Already heavy security was tightened amid fears of another Intifada uprising but there was a slight easing of pressure last Friday.

After weeks of on-again-off-again lockdown around the al Aqsa Mosque, Muslims were allowed to pray.

Hard-right Jews had been demanding praying rights themselves at their own holy sites in the vicinity.

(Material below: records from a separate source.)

theorem mainTheorem6:
  fixes m :: nat
  assumes "m \<ge> 2"
  shows "Tv {p :: real \<times> (real ^ 'k). fst p \<in> \<int>} m = enat (2 * (m - 1) * (CARD('k) + 1) + 1)"
proof -
  have m: "0 < m"
    using assms by simp
  show ?thesis
    using Tv_eqI[OF m tverberg_prop_integer_layers[OF m, where 'a = "real ^ 'k"]
        not_tverberg_prop_integer_layers[OF m]]
    by (simp add: mult.assoc)
qed

end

They were protesting a longstanding precautionary ban at Temple Mount by the Israeli authorities.

The Palestinians condemned the new demands as provocation.

In July, when extremists from the Jewish enclave of Isawiya in East Jerusalem burned to death a Palestinian teen, following discovery of the Israeli teenagers’ bodies, Arab East Jerusalemites rioted.

Israel has ruled Arab East Jerusalem since the 1967 war, when it captured it from Jordan.

In 1980, it declared the whole city its indivisible capital.

No other country recognised this de facto annexation, and so East Jerusalem is widely referred to as a part of the Occupied Palestinian Territories.

Adding to an explosive atmosphere, the Israeli authorities this week have approved still more plans for the construction of new housing units — 200 in the Ramot hillside complex at the northern edge of Jerusalem.

This also is land Israel captured in the 1967 war.

Israel says Jews have a historic right to live anywhere in the city; 196,000 Jewish settlers live in the eastern part, and 282,000 Palestinians.

In the West Bank Palestinian Territories, some 310,000 settlers live among more than 2.3 million Palestinians.

Late last month, Israeli Prime Minister Benjamin Netanyahu ordered planning to go ahead for some 1,000 new units on annexed land – in Har Homa and Ramat Shlomo, in southern and northern East Jerusalem, respectively.

Palestinian and international officials view settlement building as a major obstacle to the creation of an independent state the Palestinians seek, with East Jerusalem as its capital.

Most countries view the settlements as illegal.